*** Block opens ***

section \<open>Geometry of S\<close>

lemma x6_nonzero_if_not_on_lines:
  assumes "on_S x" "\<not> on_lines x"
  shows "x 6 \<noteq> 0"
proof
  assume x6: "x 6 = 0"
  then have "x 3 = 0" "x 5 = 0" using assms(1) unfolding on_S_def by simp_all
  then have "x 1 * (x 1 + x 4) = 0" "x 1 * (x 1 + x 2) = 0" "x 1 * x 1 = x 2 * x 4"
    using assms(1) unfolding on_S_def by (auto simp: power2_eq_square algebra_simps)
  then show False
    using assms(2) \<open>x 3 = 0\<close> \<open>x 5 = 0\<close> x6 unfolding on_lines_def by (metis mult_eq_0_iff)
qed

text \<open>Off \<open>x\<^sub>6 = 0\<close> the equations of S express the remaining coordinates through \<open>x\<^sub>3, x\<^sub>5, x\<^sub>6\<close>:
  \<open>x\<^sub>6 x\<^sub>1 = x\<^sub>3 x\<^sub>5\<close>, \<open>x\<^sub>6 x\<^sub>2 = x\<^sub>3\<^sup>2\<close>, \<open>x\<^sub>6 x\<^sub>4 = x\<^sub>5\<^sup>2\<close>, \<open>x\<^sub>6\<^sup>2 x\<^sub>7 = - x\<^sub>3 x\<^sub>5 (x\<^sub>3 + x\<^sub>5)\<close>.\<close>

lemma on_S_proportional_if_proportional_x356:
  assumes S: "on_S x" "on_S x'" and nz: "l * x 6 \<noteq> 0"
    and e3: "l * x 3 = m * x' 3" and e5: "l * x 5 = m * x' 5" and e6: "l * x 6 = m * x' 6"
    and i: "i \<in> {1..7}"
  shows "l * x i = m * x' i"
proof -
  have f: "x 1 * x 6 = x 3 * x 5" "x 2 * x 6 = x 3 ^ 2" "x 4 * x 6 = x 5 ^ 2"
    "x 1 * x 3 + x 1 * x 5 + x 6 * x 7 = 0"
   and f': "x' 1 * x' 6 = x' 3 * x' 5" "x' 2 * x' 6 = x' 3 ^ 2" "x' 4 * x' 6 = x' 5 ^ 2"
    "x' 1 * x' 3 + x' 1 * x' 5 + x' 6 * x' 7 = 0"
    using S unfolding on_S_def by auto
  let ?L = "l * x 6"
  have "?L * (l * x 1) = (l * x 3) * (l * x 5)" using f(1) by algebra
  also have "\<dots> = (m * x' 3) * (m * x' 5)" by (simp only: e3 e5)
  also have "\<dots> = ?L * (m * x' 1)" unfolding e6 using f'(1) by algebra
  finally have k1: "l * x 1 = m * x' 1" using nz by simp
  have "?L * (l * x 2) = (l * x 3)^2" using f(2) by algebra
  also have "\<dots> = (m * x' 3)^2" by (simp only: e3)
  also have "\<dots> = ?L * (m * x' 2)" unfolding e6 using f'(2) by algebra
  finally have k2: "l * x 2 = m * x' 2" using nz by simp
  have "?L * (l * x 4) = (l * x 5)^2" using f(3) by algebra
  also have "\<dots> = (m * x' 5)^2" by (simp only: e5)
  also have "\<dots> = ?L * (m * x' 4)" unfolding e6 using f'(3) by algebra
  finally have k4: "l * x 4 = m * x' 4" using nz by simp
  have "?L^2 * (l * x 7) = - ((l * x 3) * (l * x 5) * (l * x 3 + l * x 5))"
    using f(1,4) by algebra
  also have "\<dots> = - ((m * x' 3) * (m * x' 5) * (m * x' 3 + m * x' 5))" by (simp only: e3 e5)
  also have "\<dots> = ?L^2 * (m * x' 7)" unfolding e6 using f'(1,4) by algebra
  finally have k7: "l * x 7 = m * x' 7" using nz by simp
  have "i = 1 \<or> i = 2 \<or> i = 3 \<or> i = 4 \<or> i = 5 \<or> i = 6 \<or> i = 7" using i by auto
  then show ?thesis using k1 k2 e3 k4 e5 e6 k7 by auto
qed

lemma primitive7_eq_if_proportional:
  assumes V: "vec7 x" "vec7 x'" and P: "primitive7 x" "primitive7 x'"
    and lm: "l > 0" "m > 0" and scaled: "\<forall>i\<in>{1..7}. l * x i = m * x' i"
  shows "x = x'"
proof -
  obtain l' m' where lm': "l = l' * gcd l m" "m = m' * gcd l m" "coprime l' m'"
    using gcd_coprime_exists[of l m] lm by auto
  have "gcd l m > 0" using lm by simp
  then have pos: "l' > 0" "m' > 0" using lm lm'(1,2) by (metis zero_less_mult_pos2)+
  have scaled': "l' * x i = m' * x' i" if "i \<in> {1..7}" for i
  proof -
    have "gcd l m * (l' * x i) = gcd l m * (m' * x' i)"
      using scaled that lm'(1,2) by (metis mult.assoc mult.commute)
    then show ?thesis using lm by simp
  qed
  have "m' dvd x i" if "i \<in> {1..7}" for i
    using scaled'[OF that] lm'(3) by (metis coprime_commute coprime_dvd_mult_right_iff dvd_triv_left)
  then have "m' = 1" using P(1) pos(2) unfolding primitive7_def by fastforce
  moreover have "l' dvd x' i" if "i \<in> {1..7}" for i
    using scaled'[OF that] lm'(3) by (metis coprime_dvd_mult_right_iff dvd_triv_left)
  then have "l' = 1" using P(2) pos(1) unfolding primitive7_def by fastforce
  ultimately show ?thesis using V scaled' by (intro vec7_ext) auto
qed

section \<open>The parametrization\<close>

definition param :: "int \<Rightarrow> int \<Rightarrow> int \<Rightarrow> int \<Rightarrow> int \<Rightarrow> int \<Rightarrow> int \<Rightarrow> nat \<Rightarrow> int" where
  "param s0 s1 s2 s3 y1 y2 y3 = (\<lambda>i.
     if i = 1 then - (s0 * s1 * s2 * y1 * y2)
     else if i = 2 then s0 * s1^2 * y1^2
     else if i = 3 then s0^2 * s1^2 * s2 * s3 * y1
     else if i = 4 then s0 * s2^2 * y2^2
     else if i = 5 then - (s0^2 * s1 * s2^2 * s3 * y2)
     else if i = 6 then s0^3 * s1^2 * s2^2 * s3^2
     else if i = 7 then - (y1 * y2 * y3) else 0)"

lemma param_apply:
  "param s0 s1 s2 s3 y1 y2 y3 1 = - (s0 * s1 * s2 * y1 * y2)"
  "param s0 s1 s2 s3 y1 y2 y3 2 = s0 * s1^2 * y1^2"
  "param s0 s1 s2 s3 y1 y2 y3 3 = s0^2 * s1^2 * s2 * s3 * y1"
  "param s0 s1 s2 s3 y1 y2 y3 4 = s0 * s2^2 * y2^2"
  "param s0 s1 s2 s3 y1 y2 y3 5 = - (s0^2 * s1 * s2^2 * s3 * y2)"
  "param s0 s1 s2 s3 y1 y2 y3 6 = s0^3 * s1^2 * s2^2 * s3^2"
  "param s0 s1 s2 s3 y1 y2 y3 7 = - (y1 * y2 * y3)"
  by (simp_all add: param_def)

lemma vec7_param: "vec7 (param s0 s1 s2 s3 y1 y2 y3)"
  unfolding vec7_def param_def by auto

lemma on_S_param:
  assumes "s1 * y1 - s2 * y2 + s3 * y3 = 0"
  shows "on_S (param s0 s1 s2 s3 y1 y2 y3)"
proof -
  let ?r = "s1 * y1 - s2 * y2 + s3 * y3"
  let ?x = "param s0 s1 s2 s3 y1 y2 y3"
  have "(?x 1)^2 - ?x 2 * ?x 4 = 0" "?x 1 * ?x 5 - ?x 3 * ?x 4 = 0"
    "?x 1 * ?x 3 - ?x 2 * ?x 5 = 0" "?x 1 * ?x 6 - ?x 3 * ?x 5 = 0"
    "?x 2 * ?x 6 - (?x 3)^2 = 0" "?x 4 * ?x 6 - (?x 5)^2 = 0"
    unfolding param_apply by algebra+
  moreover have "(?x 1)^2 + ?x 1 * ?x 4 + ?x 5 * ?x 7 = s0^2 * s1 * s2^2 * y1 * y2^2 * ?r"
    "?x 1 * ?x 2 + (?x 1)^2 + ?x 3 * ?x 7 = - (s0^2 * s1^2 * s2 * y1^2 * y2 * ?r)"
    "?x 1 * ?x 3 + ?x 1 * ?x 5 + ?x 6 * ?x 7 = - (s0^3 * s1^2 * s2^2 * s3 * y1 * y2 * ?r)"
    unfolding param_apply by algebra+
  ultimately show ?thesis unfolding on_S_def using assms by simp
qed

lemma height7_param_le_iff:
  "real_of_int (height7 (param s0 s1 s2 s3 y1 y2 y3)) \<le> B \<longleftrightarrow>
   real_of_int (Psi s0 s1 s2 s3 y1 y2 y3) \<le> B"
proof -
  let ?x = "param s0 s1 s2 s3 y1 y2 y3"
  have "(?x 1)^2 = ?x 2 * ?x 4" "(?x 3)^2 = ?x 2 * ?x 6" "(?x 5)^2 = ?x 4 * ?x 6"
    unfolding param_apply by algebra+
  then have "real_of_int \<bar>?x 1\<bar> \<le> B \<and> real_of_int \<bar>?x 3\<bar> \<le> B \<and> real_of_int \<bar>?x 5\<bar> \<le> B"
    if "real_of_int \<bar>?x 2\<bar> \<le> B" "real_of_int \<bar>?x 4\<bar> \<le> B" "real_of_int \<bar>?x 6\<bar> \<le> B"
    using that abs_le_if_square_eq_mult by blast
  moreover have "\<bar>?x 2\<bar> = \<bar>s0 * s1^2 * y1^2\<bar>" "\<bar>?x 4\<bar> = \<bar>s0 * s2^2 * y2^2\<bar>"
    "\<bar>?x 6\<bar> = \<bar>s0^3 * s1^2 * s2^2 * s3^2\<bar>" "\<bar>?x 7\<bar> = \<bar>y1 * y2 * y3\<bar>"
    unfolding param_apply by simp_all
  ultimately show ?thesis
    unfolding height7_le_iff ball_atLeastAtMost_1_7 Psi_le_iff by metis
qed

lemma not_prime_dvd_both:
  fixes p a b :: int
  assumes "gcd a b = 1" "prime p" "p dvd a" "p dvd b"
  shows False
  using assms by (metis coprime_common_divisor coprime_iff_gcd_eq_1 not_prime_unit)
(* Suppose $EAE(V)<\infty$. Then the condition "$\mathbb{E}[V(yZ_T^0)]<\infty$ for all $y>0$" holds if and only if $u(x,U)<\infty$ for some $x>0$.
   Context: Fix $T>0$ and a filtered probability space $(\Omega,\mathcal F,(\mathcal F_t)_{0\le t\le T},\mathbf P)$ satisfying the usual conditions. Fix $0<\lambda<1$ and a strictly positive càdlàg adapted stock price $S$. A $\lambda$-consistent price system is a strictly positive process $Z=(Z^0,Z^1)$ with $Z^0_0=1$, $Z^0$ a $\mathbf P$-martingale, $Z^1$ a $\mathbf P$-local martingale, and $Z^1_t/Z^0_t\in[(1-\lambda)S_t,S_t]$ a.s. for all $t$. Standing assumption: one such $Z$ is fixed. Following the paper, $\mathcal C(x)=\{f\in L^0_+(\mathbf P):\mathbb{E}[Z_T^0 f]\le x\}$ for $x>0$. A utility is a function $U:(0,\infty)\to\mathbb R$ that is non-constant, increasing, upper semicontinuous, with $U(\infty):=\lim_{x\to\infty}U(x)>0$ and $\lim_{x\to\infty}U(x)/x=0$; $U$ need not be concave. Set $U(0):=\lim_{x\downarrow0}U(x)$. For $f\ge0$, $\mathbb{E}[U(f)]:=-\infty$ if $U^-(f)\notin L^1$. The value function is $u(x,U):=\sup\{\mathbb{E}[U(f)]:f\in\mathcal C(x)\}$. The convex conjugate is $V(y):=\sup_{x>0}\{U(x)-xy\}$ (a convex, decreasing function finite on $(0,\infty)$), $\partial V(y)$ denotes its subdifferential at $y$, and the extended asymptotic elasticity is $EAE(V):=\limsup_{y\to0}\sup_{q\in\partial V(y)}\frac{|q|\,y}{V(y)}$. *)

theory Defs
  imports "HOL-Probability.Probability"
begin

*** Block closes ***
*** Block opens ***

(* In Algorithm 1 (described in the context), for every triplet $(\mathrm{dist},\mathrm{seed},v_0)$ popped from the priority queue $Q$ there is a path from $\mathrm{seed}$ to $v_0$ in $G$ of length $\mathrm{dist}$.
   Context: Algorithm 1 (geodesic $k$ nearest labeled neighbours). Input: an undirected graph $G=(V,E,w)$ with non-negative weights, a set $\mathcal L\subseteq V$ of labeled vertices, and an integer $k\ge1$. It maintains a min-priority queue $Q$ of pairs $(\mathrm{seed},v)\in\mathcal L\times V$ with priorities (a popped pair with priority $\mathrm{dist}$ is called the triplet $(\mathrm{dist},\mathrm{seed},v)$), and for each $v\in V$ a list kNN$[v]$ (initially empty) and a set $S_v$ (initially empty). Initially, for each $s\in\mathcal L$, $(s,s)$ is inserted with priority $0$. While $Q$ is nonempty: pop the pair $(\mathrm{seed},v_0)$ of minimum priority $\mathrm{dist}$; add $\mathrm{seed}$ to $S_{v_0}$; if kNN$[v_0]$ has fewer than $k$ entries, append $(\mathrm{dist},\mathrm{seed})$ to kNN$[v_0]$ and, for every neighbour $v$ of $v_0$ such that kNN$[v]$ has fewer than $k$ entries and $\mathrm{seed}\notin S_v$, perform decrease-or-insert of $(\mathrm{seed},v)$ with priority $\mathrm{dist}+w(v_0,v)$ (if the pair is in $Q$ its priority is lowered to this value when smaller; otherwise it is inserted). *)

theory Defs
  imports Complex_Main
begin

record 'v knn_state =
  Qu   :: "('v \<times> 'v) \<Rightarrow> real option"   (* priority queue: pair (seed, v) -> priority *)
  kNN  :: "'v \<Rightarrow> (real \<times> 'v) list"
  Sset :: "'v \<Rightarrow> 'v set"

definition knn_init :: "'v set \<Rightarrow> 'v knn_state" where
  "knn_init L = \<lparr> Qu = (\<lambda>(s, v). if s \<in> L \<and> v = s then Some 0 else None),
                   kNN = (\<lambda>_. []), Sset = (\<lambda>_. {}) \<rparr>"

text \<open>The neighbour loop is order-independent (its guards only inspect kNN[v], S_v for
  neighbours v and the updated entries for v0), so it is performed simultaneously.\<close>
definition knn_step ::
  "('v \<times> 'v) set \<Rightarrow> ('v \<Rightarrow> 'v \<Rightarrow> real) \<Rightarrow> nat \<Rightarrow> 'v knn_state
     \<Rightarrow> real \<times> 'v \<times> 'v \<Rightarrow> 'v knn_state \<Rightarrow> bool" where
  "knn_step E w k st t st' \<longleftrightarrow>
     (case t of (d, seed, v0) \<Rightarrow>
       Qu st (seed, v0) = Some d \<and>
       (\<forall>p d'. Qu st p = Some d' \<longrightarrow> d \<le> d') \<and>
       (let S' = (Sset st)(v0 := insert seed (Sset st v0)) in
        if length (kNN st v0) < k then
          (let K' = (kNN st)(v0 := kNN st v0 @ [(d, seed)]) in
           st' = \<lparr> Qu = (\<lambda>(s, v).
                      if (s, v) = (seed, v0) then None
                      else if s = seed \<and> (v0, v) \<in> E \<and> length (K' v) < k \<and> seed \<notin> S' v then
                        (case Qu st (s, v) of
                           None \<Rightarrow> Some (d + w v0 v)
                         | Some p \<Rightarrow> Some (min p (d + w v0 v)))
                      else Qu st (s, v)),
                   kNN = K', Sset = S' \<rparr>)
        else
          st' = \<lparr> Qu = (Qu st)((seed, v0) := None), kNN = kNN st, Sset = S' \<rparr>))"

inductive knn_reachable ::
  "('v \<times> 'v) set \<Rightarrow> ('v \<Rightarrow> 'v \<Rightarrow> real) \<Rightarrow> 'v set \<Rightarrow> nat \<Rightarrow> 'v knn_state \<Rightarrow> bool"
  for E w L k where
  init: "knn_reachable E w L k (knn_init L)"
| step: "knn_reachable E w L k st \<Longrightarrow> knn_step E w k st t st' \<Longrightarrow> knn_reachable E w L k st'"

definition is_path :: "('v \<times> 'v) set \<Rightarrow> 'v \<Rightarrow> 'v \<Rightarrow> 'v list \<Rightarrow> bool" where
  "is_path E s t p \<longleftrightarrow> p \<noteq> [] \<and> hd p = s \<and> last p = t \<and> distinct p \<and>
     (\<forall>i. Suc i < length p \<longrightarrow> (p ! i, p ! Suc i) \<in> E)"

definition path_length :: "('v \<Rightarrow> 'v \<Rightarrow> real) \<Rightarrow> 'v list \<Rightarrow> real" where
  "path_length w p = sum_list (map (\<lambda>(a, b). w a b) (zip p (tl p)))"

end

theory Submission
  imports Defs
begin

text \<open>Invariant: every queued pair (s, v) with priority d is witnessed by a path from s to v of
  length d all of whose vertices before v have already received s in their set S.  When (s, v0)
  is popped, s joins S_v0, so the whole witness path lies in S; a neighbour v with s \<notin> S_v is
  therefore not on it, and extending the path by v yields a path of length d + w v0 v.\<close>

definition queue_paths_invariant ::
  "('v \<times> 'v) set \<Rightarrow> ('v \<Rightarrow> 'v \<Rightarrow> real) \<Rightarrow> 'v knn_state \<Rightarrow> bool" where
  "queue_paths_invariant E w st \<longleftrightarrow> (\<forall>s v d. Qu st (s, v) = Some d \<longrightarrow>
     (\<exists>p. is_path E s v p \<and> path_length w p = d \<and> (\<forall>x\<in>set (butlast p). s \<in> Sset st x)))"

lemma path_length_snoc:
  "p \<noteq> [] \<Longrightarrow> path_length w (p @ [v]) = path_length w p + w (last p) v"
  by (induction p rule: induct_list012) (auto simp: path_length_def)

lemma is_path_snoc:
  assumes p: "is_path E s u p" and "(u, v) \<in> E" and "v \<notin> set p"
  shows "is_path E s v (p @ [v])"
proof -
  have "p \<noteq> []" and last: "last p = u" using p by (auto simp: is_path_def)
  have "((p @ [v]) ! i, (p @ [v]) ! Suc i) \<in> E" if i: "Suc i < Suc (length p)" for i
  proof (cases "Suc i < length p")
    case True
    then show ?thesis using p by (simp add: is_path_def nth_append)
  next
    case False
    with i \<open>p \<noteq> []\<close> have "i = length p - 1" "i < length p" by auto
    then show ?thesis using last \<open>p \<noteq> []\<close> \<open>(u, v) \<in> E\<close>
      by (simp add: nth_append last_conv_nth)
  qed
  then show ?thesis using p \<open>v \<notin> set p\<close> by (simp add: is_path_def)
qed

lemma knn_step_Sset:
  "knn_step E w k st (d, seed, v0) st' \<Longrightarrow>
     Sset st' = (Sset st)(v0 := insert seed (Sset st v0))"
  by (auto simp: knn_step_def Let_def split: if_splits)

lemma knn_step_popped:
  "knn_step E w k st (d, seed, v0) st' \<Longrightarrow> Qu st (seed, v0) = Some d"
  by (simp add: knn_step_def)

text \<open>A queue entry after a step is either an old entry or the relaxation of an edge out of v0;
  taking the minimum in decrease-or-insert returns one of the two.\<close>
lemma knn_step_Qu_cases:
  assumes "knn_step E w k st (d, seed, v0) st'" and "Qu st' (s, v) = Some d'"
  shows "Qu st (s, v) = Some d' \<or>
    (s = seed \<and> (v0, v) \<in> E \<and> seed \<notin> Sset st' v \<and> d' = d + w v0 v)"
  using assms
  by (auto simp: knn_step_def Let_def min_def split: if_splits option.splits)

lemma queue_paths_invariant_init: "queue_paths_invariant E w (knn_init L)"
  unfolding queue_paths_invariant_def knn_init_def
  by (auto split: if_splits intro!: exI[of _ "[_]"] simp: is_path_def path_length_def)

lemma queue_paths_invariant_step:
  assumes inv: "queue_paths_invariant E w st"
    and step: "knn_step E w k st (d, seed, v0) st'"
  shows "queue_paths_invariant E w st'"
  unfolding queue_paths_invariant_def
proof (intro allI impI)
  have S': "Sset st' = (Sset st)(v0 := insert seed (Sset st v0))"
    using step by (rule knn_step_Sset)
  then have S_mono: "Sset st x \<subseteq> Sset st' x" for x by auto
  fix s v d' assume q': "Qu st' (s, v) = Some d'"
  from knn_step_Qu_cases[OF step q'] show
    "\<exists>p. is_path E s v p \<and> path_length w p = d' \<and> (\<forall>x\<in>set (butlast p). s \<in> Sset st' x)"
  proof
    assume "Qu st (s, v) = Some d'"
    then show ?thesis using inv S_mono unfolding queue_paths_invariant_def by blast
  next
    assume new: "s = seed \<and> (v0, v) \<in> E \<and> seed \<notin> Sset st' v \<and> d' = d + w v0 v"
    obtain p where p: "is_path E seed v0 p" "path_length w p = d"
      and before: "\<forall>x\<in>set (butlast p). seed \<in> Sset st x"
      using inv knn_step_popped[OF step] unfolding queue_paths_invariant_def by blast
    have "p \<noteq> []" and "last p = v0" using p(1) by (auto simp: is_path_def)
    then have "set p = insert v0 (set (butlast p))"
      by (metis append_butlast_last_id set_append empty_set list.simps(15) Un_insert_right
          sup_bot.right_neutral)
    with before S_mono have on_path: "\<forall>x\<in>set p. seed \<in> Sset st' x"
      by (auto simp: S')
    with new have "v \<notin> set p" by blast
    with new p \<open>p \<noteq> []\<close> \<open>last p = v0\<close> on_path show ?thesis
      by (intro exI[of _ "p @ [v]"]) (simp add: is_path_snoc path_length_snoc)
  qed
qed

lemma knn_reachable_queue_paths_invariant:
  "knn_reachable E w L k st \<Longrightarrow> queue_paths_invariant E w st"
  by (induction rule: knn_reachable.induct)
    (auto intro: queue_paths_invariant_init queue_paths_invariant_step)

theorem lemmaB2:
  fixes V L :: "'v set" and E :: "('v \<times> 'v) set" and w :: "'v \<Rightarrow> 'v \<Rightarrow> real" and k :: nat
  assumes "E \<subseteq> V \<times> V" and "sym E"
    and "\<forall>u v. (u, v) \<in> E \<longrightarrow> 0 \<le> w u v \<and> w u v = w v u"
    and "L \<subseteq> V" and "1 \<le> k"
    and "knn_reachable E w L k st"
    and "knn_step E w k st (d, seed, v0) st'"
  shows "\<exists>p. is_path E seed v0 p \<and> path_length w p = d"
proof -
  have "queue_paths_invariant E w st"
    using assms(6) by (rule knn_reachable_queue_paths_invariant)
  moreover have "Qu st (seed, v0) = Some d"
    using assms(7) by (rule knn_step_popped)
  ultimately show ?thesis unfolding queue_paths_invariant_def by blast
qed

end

*** Block closes ***

__EXERCISE PROMPT__: Count how many lines in the data above include the string "section", and write only that number.

__SOLUTION TO THIS TASK__: 2